▶ Problem
Every line of the data is to be transcribed as it stands.

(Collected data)
theorem mainTheorem9:
  fixes C :: "('o, 'm) addcat" and Conf :: "('m \<times> 'm) set" and A :: "'o set"
    and f g :: 'm
  assumes "deflation_exact C Conf"
    and "A \<subseteq> Ob C"
    and "axiom_A1 C Conf A"
    and "axiom_A3 C Conf A"
    and "A_inv_inflation C Conf A f"
    and "A_inv_inflation C Conf A g"
    and "cod C f = dom C g"
  shows "A_inv_inflation C Conf A (cmp C g f)"
proof -
  interpret conflation_cat C Conf
    using assms(1) by unfold_locales (simp add: deflation_exact_def)
  obtain p where fp: "(f, p) \<in> Conf" "cod C p \<in> A"
    using assms(5) by (auto simp: A_inv_inflation_def)
  obtain q where gq: "(g, q) \<in> Conf" "cod C q \<in> A"
    using assms(6) by (auto simp: A_inv_inflation_def)
  note kf = conflation_kernel_cokernel[OF fp(1)] and kg = conflation_kernel_cokernel[OF gq(1)]
  have "dom C g = dom C p"
    using kernelD[OF conjunct1[OF kf]] assms(7) by simp
  moreover have "inflation Conf g" "deflation Conf p"
    using fp gq by (auto simp: inflation_def deflation_def)
  ultimately obtain b' a' where po: "is_pushout C g p b' a'"
      and "deflation Conf b'" "inflation Conf a'"
    using assms(4) fp(2) unfolding axiom_A3_def by blast
  then obtain k r where kb': "(k, b') \<in> Conf" and a'r: "(a', r) \<in> Conf"
    by (auto simp: inflation_def deflation_def)
  obtain h where h: "is_cokernel C h a'" "cod C h = cod C q" "cmp C h b' = q"
    using cokernel_pushout[OF po] kg by blast
  have "cod C b' \<in> A"
    using assms(3) conflation_with_cokernel[OF a'r h(1)] pushoutD[OF po] fp(2) gq(2) h(2)
    unfolding axiom_A1_def by fastforce
  moreover have "(cmp C g f, b') \<in> Conf"
  proof (rule conflation_with_kernel[OF kb'])
    show "is_kernel C (cmp C g f) b'"
      using kernel_cmp_pushout[OF conjunct1[OF kf] conjunct1[OF kg] assms(7) po
          conjunct1[OF conflation_kernel_cokernel[OF a'r]] _ _ h(3)]
        cokernelD[OF h(1)] pushoutD[OF po] by simp
    show "is_cokernel C b' (cmp C g f)"
      using cokernel_cmp_pushout[OF conjunct2[OF kf] assms(7) po] .
  qed
  ultimately show ?thesis
    by (auto simp: A_inv_inflation_def)
qed

end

▶ Output for this exercise
theorem mainTheorem9:
  fixes C :: "('o, 'm) addcat" and Conf :: "('m \<times> 'm) set" and A :: "'o set"
    and f g :: 'm
  assumes "deflation_exact C Conf"
    and "A \<subseteq> Ob C"
    and "axiom_A1 C Conf A"
    and "axiom_A3 C Conf A"
    and "A_inv_inflation C Conf A f"
    and "A_inv_inflation C Conf A g"
    and "cod C f = dom C g"
  shows "A_inv_inflation C Conf A (cmp C g f)"
proof -
  interpret conflation_cat C Conf
    using assms(1) by unfold_locales (simp add: deflation_exact_def)
  obtain p where fp: "(f, p) \<in> Conf" "cod C p \<in> A"
    using assms(5) by (auto simp: A_inv_inflation_def)
  obtain q where gq: "(g, q) \<in> Conf" "cod C q \<in> A"
    using assms(6) by (auto simp: A_inv_inflation_def)
  note kf = conflation_kernel_cokernel[OF fp(1)] and kg = conflation_kernel_cokernel[OF gq(1)]
  have "dom C g = dom C p"
    using kernelD[OF conjunct1[OF kf]] assms(7) by simp
  moreover have "inflation Conf g" "deflation Conf p"
    using fp gq by (auto simp: inflation_def deflation_def)
  ultimately obtain b' a' where po: "is_pushout C g p b' a'"
      and "deflation Conf b'" "inflation Conf a'"
    using assms(4) fp(2) unfolding axiom_A3_def by blast
  then obtain k r where kb': "(k, b') \<in> Conf" and a'r: "(a', r) \<in> Conf"
    by (auto simp: inflation_def deflation_def)
  obtain h where h: "is_cokernel C h a'" "cod C h = cod C q" "cmp C h b' = q"
    using cokernel_pushout[OF po] kg by blast
  have "cod C b' \<in> A"
    using assms(3) conflation_with_cokernel[OF a'r h(1)] pushoutD[OF po] fp(2) gq(2) h(2)
    unfolding axiom_A1_def by fastforce
  moreover have "(cmp C g f, b') \<in> Conf"
  proof (rule conflation_with_kernel[OF kb'])
    show "is_kernel C (cmp C g f) b'"
      using kernel_cmp_pushout[OF conjunct1[OF kf] conjunct1[OF kg] assms(7) po
          conjunct1[OF conflation_kernel_cokernel[OF a'r]] _ _ h(3)]
        cokernelD[OF h(1)] pushoutD[OF po] by simp
    show "is_cokernel C b' (cmp C g f)"
      using cokernel_cmp_pushout[OF conjunct2[OF kf] assms(7) po] .
  qed
  ultimately show ?thesis
    by (auto simp: A_inv_inflation_def)
qed

end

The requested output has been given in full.